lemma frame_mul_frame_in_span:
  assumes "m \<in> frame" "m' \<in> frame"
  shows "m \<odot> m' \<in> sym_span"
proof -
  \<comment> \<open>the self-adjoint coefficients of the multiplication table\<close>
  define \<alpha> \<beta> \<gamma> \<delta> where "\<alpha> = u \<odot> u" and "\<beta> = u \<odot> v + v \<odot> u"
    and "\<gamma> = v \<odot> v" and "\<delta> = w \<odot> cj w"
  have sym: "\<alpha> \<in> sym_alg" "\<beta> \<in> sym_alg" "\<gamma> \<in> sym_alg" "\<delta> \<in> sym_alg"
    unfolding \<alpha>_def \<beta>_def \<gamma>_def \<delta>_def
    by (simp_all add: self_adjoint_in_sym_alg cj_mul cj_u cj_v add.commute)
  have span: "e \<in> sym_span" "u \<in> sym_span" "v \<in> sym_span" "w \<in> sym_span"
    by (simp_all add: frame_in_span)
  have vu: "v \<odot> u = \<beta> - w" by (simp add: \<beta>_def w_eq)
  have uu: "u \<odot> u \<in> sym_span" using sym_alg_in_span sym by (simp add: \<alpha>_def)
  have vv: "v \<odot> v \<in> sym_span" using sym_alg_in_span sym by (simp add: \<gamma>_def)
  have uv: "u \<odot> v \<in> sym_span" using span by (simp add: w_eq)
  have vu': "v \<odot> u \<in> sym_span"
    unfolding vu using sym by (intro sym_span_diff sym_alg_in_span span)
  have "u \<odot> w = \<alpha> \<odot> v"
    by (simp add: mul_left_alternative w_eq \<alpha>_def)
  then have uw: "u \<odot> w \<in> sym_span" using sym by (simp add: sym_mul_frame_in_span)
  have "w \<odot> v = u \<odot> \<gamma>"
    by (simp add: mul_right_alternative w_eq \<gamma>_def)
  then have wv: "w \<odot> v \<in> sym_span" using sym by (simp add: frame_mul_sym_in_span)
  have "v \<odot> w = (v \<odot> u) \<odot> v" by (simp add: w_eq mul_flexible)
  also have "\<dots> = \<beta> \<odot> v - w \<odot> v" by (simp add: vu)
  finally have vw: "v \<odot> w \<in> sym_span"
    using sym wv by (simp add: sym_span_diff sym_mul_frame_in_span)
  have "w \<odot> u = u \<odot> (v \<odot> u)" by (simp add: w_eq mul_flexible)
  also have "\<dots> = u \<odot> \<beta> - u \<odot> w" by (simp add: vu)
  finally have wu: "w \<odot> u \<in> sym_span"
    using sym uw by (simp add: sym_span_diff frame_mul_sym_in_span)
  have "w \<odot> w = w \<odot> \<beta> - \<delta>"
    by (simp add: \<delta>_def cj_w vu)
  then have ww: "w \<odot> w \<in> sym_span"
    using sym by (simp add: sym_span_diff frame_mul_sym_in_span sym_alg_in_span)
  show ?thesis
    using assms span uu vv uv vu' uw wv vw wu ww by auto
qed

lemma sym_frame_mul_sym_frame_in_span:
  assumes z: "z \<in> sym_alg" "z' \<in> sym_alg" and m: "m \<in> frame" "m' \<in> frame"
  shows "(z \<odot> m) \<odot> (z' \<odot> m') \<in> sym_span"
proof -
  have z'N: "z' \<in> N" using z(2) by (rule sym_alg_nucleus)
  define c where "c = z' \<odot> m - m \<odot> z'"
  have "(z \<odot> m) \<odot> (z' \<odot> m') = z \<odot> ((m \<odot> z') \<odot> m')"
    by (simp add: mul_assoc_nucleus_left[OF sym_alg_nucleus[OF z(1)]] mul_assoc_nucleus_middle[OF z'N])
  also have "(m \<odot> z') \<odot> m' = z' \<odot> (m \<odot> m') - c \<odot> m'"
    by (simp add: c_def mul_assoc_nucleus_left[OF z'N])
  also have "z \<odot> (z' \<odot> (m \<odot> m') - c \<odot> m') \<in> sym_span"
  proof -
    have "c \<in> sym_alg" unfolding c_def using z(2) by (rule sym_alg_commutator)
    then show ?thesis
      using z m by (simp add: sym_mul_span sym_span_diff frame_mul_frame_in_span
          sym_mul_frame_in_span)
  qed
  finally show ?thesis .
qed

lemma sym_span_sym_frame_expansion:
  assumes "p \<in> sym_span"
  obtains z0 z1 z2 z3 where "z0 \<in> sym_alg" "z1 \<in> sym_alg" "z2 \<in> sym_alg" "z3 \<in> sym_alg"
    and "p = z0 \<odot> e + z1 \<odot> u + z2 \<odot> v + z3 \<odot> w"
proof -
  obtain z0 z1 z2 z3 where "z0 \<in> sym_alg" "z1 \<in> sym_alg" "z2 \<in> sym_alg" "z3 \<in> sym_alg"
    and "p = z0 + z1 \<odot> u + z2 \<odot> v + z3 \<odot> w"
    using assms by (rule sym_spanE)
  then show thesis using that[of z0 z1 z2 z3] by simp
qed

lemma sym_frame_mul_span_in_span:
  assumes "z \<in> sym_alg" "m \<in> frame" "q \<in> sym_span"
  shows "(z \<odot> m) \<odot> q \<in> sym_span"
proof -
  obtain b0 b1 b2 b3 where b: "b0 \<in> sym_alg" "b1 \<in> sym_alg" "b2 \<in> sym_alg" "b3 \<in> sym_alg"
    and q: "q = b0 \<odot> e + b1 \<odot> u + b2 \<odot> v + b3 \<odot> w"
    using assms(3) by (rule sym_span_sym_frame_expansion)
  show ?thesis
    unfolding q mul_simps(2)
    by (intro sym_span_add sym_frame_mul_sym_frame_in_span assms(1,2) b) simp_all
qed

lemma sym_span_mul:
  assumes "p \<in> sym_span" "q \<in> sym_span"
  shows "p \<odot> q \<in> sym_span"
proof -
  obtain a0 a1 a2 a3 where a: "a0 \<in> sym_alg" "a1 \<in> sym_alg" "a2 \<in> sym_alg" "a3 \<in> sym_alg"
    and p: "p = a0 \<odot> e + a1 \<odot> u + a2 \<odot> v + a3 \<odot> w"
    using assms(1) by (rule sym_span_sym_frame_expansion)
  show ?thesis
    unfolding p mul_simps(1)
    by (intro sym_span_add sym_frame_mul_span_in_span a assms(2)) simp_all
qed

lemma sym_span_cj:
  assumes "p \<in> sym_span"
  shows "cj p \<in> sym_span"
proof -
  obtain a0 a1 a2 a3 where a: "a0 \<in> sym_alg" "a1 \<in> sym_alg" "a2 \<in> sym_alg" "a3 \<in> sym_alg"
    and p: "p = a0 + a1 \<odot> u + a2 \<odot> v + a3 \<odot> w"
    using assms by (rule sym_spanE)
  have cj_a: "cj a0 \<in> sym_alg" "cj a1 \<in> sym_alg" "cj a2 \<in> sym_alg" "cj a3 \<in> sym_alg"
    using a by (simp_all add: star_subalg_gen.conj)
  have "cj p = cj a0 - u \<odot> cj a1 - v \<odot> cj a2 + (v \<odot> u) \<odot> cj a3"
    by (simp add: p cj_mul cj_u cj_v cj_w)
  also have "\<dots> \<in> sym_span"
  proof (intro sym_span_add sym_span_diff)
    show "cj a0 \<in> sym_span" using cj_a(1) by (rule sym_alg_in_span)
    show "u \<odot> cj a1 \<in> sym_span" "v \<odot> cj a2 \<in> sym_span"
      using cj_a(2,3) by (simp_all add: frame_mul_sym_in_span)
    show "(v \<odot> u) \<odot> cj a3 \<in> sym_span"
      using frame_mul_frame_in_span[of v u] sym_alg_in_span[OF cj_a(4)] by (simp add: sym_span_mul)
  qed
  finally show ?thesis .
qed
---
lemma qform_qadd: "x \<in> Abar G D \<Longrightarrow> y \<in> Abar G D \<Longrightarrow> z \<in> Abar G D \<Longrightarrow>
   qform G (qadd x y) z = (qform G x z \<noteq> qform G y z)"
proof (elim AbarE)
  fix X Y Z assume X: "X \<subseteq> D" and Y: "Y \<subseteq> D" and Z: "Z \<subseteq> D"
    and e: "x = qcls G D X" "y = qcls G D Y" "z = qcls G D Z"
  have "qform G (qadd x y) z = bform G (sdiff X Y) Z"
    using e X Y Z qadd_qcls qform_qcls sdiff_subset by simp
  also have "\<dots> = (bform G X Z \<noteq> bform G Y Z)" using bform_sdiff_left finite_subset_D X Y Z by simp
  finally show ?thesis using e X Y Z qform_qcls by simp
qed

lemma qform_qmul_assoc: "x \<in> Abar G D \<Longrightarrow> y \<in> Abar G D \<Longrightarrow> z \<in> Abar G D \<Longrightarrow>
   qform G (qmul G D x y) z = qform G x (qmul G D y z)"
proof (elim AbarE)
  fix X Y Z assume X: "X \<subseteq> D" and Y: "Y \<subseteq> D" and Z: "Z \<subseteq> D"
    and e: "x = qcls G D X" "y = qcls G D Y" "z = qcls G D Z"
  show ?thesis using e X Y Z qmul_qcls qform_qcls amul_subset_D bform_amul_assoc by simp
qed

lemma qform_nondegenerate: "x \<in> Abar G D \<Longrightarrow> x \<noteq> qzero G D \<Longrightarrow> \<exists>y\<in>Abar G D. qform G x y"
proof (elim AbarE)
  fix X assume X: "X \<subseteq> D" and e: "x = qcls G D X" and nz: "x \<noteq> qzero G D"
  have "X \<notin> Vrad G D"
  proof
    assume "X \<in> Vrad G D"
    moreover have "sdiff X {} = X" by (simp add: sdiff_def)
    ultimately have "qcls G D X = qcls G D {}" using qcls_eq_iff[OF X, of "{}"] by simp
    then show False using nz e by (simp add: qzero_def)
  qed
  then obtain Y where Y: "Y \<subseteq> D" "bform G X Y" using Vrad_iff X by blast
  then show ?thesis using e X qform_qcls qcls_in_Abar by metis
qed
==
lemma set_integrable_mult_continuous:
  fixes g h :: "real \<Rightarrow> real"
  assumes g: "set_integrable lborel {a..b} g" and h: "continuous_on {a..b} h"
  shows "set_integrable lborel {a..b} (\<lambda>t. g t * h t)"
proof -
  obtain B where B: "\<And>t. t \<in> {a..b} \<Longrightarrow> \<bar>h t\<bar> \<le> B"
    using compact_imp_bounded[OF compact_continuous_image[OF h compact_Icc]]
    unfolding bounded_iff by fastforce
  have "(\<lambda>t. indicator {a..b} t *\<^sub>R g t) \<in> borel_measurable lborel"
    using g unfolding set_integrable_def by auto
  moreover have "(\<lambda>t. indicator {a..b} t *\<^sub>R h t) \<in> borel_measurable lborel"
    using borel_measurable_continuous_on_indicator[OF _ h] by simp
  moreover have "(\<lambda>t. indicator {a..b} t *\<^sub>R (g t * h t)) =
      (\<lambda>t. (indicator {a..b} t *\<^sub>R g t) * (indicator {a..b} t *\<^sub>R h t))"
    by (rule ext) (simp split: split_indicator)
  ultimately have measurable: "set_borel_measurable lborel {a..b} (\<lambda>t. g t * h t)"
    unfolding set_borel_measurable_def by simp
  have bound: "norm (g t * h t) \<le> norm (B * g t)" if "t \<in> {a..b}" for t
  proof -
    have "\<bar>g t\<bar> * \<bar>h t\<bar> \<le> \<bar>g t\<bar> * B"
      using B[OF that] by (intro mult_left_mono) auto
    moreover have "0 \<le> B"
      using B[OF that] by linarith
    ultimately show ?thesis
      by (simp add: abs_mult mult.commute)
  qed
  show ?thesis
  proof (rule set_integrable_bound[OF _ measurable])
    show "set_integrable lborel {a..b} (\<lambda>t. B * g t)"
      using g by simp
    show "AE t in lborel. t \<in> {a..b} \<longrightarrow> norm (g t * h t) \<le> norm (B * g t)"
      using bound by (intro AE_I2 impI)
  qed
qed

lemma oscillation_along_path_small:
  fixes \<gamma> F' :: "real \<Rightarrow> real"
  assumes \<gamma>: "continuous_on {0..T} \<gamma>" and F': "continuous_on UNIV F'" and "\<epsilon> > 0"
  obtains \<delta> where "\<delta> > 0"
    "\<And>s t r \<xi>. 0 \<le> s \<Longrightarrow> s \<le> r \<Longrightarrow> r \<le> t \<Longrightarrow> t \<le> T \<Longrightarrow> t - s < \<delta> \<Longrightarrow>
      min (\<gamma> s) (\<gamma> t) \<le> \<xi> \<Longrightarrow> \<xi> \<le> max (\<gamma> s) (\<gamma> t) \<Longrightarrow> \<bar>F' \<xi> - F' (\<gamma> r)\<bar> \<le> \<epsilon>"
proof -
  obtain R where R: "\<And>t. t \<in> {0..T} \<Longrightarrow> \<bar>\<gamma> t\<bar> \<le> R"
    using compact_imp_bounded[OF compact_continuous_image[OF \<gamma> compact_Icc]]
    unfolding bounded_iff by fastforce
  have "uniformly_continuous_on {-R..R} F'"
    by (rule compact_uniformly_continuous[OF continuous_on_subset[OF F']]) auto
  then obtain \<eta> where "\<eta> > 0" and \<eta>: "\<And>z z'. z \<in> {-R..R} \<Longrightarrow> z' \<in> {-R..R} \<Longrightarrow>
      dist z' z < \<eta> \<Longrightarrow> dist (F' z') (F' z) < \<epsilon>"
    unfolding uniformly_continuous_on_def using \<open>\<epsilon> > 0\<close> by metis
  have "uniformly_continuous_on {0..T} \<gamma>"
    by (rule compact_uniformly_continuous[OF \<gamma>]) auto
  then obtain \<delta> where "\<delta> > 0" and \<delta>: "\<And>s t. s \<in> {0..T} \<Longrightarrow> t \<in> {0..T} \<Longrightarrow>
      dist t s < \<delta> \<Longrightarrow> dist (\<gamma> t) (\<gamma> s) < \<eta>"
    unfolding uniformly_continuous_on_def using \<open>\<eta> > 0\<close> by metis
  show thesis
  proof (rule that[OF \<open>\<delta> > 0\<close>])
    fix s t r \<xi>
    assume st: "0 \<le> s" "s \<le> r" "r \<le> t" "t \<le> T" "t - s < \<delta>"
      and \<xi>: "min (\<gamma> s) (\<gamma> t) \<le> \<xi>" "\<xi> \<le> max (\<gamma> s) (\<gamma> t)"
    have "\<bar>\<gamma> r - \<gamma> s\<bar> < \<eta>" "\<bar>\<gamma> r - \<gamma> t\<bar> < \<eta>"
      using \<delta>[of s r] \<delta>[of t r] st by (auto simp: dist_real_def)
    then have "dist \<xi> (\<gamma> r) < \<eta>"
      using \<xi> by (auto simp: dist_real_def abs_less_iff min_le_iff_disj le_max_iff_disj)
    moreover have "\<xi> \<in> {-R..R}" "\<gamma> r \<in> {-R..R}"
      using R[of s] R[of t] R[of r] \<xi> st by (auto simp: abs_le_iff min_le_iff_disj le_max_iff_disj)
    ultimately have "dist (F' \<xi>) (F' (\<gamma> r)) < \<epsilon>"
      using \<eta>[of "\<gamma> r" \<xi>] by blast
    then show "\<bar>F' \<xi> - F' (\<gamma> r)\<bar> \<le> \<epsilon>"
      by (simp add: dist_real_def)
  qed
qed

_Task details_: How many of the lines above include the word "beta"? State that number and nothing else.

_Reply to the exercise_: 7